===== Data records

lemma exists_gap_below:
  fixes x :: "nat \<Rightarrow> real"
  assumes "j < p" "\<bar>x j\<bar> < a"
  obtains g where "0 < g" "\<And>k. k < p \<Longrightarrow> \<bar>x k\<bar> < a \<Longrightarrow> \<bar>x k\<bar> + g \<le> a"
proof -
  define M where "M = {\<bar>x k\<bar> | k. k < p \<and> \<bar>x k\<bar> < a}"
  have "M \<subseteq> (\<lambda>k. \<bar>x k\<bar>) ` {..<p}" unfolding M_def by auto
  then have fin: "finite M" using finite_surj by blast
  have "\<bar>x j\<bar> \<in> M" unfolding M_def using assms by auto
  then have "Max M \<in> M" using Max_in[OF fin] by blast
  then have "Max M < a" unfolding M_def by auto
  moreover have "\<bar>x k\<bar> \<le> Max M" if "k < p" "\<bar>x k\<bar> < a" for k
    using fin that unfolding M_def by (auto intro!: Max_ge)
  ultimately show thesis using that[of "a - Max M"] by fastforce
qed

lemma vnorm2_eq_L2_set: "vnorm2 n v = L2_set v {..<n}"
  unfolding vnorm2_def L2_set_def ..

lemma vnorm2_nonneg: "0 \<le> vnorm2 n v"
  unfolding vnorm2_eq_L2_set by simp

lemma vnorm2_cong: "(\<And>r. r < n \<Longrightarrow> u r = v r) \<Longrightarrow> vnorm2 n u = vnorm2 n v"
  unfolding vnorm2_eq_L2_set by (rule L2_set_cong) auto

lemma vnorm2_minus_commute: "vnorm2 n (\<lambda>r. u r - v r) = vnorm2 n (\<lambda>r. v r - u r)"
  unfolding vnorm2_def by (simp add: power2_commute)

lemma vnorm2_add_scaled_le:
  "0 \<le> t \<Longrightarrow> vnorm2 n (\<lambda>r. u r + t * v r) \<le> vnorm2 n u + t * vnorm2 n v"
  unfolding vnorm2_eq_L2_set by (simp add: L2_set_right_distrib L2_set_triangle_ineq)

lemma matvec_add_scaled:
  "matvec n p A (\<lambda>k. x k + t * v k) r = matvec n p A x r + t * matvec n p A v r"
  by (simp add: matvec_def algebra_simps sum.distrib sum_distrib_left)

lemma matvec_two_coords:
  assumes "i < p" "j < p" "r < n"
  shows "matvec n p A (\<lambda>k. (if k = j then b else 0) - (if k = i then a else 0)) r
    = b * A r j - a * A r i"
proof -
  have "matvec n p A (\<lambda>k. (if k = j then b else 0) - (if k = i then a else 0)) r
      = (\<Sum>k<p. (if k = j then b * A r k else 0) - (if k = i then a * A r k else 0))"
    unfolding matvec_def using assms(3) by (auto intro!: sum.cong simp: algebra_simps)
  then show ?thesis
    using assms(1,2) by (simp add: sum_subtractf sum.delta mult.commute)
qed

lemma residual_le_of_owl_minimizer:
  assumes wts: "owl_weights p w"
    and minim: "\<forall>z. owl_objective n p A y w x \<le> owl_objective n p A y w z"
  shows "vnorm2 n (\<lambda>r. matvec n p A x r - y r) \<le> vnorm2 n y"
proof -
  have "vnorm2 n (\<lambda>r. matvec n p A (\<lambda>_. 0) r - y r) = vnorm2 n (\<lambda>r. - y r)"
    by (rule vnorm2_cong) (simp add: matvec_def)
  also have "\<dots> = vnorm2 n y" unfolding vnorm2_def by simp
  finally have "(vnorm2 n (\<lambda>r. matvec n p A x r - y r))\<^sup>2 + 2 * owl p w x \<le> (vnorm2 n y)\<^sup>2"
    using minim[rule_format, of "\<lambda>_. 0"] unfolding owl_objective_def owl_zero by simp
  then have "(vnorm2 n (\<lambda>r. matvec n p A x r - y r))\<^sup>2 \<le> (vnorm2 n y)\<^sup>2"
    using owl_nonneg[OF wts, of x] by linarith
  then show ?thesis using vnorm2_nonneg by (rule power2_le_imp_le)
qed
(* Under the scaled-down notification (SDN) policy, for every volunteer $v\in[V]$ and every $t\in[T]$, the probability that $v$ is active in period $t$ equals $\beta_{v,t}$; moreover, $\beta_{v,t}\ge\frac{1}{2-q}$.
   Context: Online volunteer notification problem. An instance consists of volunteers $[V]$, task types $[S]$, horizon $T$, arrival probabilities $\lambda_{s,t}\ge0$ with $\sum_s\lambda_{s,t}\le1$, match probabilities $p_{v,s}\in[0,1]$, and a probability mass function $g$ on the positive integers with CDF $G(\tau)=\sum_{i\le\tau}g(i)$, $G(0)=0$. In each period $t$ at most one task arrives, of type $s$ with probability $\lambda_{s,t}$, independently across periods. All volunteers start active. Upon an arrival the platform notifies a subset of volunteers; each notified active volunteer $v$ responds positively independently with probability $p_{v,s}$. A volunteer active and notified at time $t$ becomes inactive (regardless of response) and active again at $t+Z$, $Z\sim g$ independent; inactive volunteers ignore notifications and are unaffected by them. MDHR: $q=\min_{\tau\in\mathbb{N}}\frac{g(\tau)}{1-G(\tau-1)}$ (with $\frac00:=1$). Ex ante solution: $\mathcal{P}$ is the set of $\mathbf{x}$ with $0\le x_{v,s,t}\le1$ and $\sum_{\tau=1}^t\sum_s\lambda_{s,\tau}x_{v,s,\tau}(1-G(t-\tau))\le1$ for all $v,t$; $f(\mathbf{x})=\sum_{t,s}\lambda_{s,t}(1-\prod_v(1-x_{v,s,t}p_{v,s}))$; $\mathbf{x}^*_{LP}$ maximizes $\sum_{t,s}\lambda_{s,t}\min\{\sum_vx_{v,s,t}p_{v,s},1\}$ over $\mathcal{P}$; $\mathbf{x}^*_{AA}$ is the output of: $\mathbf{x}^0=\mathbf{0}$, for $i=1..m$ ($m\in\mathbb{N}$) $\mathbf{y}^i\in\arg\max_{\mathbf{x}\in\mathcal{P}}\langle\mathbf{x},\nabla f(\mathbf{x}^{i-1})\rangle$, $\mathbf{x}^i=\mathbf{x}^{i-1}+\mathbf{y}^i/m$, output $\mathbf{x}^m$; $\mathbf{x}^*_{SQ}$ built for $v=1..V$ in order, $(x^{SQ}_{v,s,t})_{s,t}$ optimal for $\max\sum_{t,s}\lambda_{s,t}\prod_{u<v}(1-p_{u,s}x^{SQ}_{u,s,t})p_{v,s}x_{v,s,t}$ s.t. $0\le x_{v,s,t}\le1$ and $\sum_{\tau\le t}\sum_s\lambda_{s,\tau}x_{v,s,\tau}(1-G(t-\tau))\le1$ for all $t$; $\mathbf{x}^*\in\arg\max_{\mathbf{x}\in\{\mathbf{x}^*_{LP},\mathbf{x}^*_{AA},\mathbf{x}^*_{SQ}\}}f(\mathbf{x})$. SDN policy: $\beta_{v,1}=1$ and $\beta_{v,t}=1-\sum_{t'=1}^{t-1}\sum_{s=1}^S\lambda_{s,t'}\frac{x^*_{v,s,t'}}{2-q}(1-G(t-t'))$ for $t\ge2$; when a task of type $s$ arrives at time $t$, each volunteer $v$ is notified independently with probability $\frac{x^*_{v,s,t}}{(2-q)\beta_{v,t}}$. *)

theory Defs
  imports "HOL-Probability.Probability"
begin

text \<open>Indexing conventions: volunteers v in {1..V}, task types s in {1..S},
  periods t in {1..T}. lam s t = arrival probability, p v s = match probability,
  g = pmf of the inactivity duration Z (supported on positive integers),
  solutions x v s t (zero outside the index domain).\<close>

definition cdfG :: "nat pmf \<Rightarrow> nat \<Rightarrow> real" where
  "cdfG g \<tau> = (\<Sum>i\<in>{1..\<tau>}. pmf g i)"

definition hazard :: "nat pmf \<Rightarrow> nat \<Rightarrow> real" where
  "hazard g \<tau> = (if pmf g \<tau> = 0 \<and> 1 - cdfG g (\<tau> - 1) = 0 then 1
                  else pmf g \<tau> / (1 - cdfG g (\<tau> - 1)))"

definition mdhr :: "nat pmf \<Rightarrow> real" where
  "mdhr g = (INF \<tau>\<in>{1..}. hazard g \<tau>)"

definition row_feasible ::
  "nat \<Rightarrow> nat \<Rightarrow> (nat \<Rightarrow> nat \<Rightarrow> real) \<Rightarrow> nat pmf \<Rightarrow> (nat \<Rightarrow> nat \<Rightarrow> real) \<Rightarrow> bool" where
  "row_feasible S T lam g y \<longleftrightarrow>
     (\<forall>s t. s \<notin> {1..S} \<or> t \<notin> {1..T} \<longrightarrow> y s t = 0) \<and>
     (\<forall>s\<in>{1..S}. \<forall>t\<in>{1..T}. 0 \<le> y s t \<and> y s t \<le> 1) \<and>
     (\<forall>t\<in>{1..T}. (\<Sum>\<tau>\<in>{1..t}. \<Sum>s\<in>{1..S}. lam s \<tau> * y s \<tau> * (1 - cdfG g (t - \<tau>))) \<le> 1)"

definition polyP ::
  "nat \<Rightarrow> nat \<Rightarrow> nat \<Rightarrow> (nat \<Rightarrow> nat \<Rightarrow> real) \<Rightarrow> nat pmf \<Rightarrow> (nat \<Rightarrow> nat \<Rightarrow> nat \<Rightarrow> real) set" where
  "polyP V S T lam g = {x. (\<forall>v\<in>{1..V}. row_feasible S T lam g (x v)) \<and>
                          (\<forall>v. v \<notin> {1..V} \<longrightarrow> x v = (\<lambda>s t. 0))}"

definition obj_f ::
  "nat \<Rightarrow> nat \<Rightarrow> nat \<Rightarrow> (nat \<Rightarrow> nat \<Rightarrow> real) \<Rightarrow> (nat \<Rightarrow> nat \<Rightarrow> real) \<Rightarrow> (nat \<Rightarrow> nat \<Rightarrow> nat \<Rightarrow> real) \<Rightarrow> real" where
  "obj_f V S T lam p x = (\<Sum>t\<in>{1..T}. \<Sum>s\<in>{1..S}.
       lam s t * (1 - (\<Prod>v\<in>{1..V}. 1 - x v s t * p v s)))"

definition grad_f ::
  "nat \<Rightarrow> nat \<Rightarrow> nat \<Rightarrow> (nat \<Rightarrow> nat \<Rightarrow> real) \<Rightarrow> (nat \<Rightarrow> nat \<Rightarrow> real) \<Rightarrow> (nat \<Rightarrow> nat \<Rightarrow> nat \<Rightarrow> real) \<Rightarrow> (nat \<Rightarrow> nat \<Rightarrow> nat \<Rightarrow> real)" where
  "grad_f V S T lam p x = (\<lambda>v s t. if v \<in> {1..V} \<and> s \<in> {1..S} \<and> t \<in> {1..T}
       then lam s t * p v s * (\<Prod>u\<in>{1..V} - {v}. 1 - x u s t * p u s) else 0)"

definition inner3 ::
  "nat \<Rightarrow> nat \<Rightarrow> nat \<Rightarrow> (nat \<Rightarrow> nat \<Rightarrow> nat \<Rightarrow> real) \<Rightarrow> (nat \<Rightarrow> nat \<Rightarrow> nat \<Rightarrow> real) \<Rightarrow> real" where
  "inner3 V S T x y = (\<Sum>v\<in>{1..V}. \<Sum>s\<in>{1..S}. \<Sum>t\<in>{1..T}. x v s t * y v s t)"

==========

§ **Work request**:
Starting with the first line of the data above, copy each line exactly until you reach the line with "assms by auto"; include that line as well.

§ **Task answer**:
lemma exists_gap_below:
  fixes x :: "nat \<Rightarrow> real"
  assumes "j < p" "\<bar>x j\<bar> < a"
  obtains g where "0 < g" "\<And>k. k < p \<Longrightarrow> \<bar>x k\<bar> < a \<Longrightarrow> \<bar>x k\<bar> + g \<le> a"
proof -
  define M where "M = {\<bar>x k\<bar> | k. k < p \<and> \<bar>x k\<bar> < a}"
  have "M \<subseteq> (\<lambda>k. \<bar>x k\<bar>) ` {..<p}" unfolding M_def by auto
  then have fin: "finite M" using finite_surj by blast
  have "\<bar>x j\<bar> \<in> M" unfolding M_def using assms by auto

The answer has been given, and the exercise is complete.